# Breeder Recommendation?



## wildstyle (Oct 21, 2009)

So I was curious if anyone has any recommendations for Miniature Poodle breeders in either California or Oregon? I'm a bit picky, since I notice there are plenty of breeders who just BREED for the simple fact. I'm a dog groomer and looking for a good quality pup with a nice coat and temperament, hence why I'm not looking for any backyard breeder. I live in California, but am willing to travel as far as Oregon for the right pup. I would much rather be able to see the pup and parents in person than just order a pup from halfway across the country. Thanks for any recommendations, info, ect =]


----------



## Cdnjennga (Jul 30, 2009)

Welcome to the forum! I am also currently hunting for a new mini friend.  I'm kind of far from you though!

I don't have a personal recommendation, but in looking I have often come across these people and liked what I saw on a surface level at least. http://www.clarionpoodles.com/ The breeder I'm talking to here in Toronto used one of their studs a few years ago and was very happy with the pups. She's even think of going back to one of theirs this year.

Anyway, I think Cbrand on this forum knows about them so maybe she can give you more info.

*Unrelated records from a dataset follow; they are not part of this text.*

lemma nn_integral_exp_distr_threshold:
  fixes \<sigma> \<theta> :: real and I :: ennreal
  assumes \<sigma>: "\<sigma> > 0" and th: "\<theta> > 0"
  shows "(\<integral>\<^sup>+h. indicator {h. ennreal \<theta> * I \<le> ennreal (\<sigma> * h)} h \<partial>exp_distr 1) = exp_neg_ennreal (ennreal (\<theta> / \<sigma>) * I)"
proof (cases "I = \<top>")
  case True
  have "ennreal \<theta> * I = \<top>" using th True by (simp add: ennreal_mult_top)
  hence "{h. ennreal \<theta> * I \<le> ennreal (\<sigma> * h)} = {}" by (auto simp: top_unique)
  moreover have "ennreal (\<theta> / \<sigma>) * I = \<top>" using th \<sigma> True by (simp add: ennreal_mult_top)
  ultimately show ?thesis by (simp add: exp_neg_ennreal_def)
next
  case False
  then obtain y where y: "I = ennreal y" "y \<ge> 0" by (cases I) auto
  have "(\<integral>\<^sup>+h. indicator {h. ennreal \<theta> * I \<le> ennreal (\<sigma> * h)} h \<partial>exp_distr 1)
      = (\<integral>\<^sup>+h. ennreal (exponential_density 1 h) * indicator {h. ennreal \<theta> * I \<le> ennreal (\<sigma> * h)} h \<partial>lborel)"
    unfolding exp_distr_def by (rule nn_integral_density) (auto simp: exponential_density_nonneg)
  also have "\<dots> = (\<integral>\<^sup>+h. ennreal (exponential_density 1 h) * indicator {\<theta> * y / \<sigma>..} h \<partial>lborel)"
  proof (rule nn_integral_cong)
    fix h :: real
    show "ennreal (exponential_density 1 h) * indicator {h. ennreal \<theta> * I \<le> ennreal (\<sigma> * h)} h
        = ennreal (exponential_density 1 h) * indicator {\<theta> * y / \<sigma>..} h"
    proof (cases "h < 0")
      case True thus ?thesis by (simp add: exponential_density_def)
    next
      case False
      hence "ennreal \<theta> * I \<le> ennreal (\<sigma> * h) \<longleftrightarrow> \<theta> * y \<le> \<sigma> * h"
        using y th \<sigma> by (simp add: ennreal_mult'[symmetric] ennreal_le_iff)
      also have "\<dots> \<longleftrightarrow> \<theta> * y / \<sigma> \<le> h" using \<sigma> by (simp add: field_simps)
      finally show ?thesis by (simp add: indicator_def)
    qed
  qed
  also have "\<dots> = ennreal (exp (- (\<theta> * y / \<sigma>)))"
    using th \<sigma> y by (intro nn_integral_exponential_density_tail) simp
  also have "\<dots> = exp_neg_ennreal (ennreal (\<theta> / \<sigma>) * I)"
    using th \<sigma> y by (simp add: ennreal_mult'[symmetric])
  finally show ?thesis .
qed

lemma (in prob_space) coverage_given_distance:
  fixes R H :: "'a \<Rightarrow> real" and \<Phi> :: "'a \<Rightarrow> 'b" and I :: "'b \<Rightarrow> ennreal" and \<sigma> :: "real \<Rightarrow> real"
  assumes [measurable]: "R \<in> borel_measurable M" "H \<in> borel_measurable M" "\<Phi> \<in> measurable M N"
    and [measurable]: "I \<in> borel_measurable N" "\<sigma> \<in> borel_measurable borel"
    and joint: "distr M (borel \<Otimes>\<^sub>M (borel \<Otimes>\<^sub>M N)) (\<lambda>\<omega>. (R \<omega>, H \<omega>, \<Phi> \<omega>))
                = distr M borel R \<Otimes>\<^sub>M (exp_distr 1 \<Otimes>\<^sub>M distr M N \<Phi>)"
    and \<sigma>_pos: "AE \<omega> in M. \<sigma> (R \<omega>) > 0" and \<theta>: "\<theta> > 0"
  shows "emeasure M {\<omega> \<in> space M. ennreal \<theta> * I (\<Phi> \<omega>) \<le> ennreal (\<sigma> (R \<omega>) * H \<omega>)}
       = (\<integral>\<^sup>+\<omega>. (\<integral>\<^sup>+\<omega>'. exp_neg_ennreal (ennreal (\<theta> / \<sigma> (R \<omega>)) * I (\<Phi> \<omega>')) \<partial>M) \<partial>M)"
proof -
  define PR where "PR = distr M borel R"
  define PH where "PH = exp_distr 1"
  define PP where "PP = distr M N \<Phi>"
  have [measurable_cong]: "sets PR = sets borel" "sets PH = sets borel" "sets PP = sets N"
    by (simp_all add: PR_def PH_def PP_def exp_distr_def)
  interpret PH: prob_space PH unfolding PH_def exp_distr_def by (intro prob_space_exponential_density) simp
  interpret PP: prob_space PP unfolding PP_def by (intro prob_space_distr) simp
  interpret HP: pair_prob_space PH PP ..
  have HP: "sigma_finite_measure (PH \<Otimes>\<^sub>M PP)" by (rule prob_space_imp_sigma_finite) unfold_locales
  define \<Psi> where "\<Psi> z = (indicator {z. ennreal \<theta> * I (snd (snd z)) \<le> ennreal (\<sigma> (fst z) * fst (snd z))} z :: ennreal)"
    for z :: "real \<times> real \<times> 'b"
  have [measurable]: "\<Psi> \<in> borel_measurable (borel \<Otimes>\<^sub>M (borel \<Otimes>\<^sub>M N))" unfolding \<Psi>_def by measurable
  have inner: "(\<integral>\<^sup>+y. \<Psi> (r, y) \<partial>(PH \<Otimes>\<^sub>M PP)) = (\<integral>\<^sup>+\<omega>'. exp_neg_ennreal (ennreal (\<theta> / \<sigma> r) * I (\<Phi> \<omega>')) \<partial>M)"
    if r: "\<sigma> r > 0" for r
  proof -
    have "(\<integral>\<^sup>+y. \<Psi> (r, y) \<partial>(PH \<Otimes>\<^sub>M PP)) = (\<integral>\<^sup>+S. (\<integral>\<^sup>+h. \<Psi> (r, h, S) \<partial>PH) \<partial>PP)"
      by (rule HP.nn_integral_snd[symmetric]) measurable
    also have "\<dots> = (\<integral>\<^sup>+S. exp_neg_ennreal (ennreal (\<theta> / \<sigma> r) * I S) \<partial>PP)"
    proof (rule nn_integral_cong)
      fix S
      have "(\<integral>\<^sup>+h. \<Psi> (r, h, S) \<partial>PH) = (\<integral>\<^sup>+h. indicator {h. ennreal \<theta> * I S \<le> ennreal (\<sigma> r * h)} h \<partial>exp_distr 1)"
        unfolding PH_def \<Psi>_def by (simp add: indicator_def)
      also have "\<dots> = exp_neg_ennreal (ennreal (\<theta> / \<sigma> r) * I S)"
        using r \<theta> by (rule nn_integral_exp_distr_threshold)
      finally show "(\<integral>\<^sup>+h. \<Psi> (r, h, S) \<partial>PH) = exp_neg_ennreal (ennreal (\<theta> / \<sigma> r) * I S)" .
    qed
    also have "\<dots> = (\<integral>\<^sup>+\<omega>'. exp_neg_ennreal (ennreal (\<theta> / \<sigma> r) * I (\<Phi> \<omega>')) \<partial>M)"
      unfolding PP_def by (rule nn_integral_distr) measurable
    finally show ?thesis .
  qed
  have E: "{\<omega> \<in> space M. ennreal \<theta> * I (\<Phi> \<omega>) \<le> ennreal (\<sigma> (R \<omega>) * H \<omega>)} \<in> sets M"
    by measurable
  have "emeasure M {\<omega> \<in> space M. ennreal \<theta> * I (\<Phi> \<omega>) \<le> ennreal (\<sigma> (R \<omega>) * H \<omega>)}
      = (\<integral>\<^sup>+\<omega>. \<Psi> (R \<omega>, H \<omega>, \<Phi> \<omega>) \<partial>M)"
    by (subst nn_integral_indicator[symmetric, OF E], intro nn_integral_cong) (simp add: \<Psi>_def indicator_def)
  also have "\<dots> = (\<integral>\<^sup>+z. \<Psi> z \<partial>(PR \<Otimes>\<^sub>M (PH \<Otimes>\<^sub>M PP)))"
    unfolding PR_def PH_def PP_def joint[symmetric] by (rule nn_integral_distr[symmetric]) measurable
  also have "\<dots> = (\<integral>\<^sup>+r. (\<integral>\<^sup>+y. \<Psi> (r, y) \<partial>(PH \<Otimes>\<^sub>M PP)) \<partial>PR)"
    by (rule sigma_finite_measure.nn_integral_fst[OF HP, symmetric]) measurable
  also have "\<dots> = (\<integral>\<^sup>+\<omega>. (\<integral>\<^sup>+y. \<Psi> (R \<omega>, y) \<partial>(PH \<Otimes>\<^sub>M PP)) \<partial>M)"
    unfolding PR_def
    by (rule nn_integral_distr) (simp, rule sigma_finite_measure.borel_measurable_nn_integral[OF HP], measurable)
  also have "\<dots> = (\<integral>\<^sup>+\<omega>. (\<integral>\<^sup>+\<omega>'. exp_neg_ennreal (ennreal (\<theta> / \<sigma> (R \<omega>)) * I (\<Phi> \<omega>')) \<partial>M) \<partial>M)"
    using \<sigma>_pos by (intro nn_integral_cong_AE) (auto elim!: eventually_mono simp: inner)
  finally show ?thesis .
qed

Good luck on your hunt for your perfect pup!


----------



## Harley_chik (Nov 7, 2008)

Cbrand would be a great person to ask. Her handler breeds the most gorgeous minis. She is AZ, if you're willing to travel there.


----------



## wildstyle (Oct 21, 2009)

That sounds wonderful! And most certainly, Arizona would be about the same distance to Oregon lol. I've traveled to both places before. Thanks to you both!


----------



## kristylynn (Oct 18, 2009)

Good Luck and Welcome


----------



## Poodle Lover (Mar 24, 2008)

Cdnjennga said:


> Welcome to the forum! I am also currently hunting for a new mini friend.  I'm kind of far from you though!
> 
> I don't have a personal recommendation, but in looking I have often come across these people and liked what I saw on a surface level at least. http://www.clarionpoodles.com/ The breeder I'm talking to here in Toronto used one of their studs a few years ago and was very happy with the pups. She's even think of going back to one of theirs this year.
> 
> Anyway, I think Cbrand on this forum knows about them so maybe she can give you more info. Good luck on your hunt for your perfect pup!


I believe Cbrand (Carol) recommended clarion poodles to someone in the past and spoke highly of the breeder.


----------



## cbrand (Aug 9, 2009)

If I were buying a Mini I would get one from Alegria. They have some of the top Minis in the country. They are healthy and I like the fact that they look like Standards in miniature (can't say that about many Minis). They also have terrific temperament (very stable) and they make super performance dogs. They typically have silvers, silver beiges, blues and some creams. They may also have a black/brown line, but they are best known for their silvers.

In California, you have the Kennedys at Clarion. They have been breeding for a long time, they have beautiful dogs and they will be honest with you.

My handler is currently showing an amazing black Mini boy. He is fabulous and got a Best Puppy in Show. His registered name is MONCOEUR CENTER STAGE. The breeder is out of California, but she does not have a web site and you are going to need to do investigating to track down her contact information. She looks like she has a very well developed program, but I don't know anything about her personally.


----------



## Tryin (Oct 27, 2013)

*Peggy's AZ Red Poodles what are your thoughts?*

I am looking for a red mini. I have searched for an AZ breeder. I have very limited experience with poodles. Can someone please check out the pics of the dams and tell me your thoughts on looks? Are there any red flags?

Peggy's Arizona Red Poodles


----------



## forestfairy (Feb 15, 2014)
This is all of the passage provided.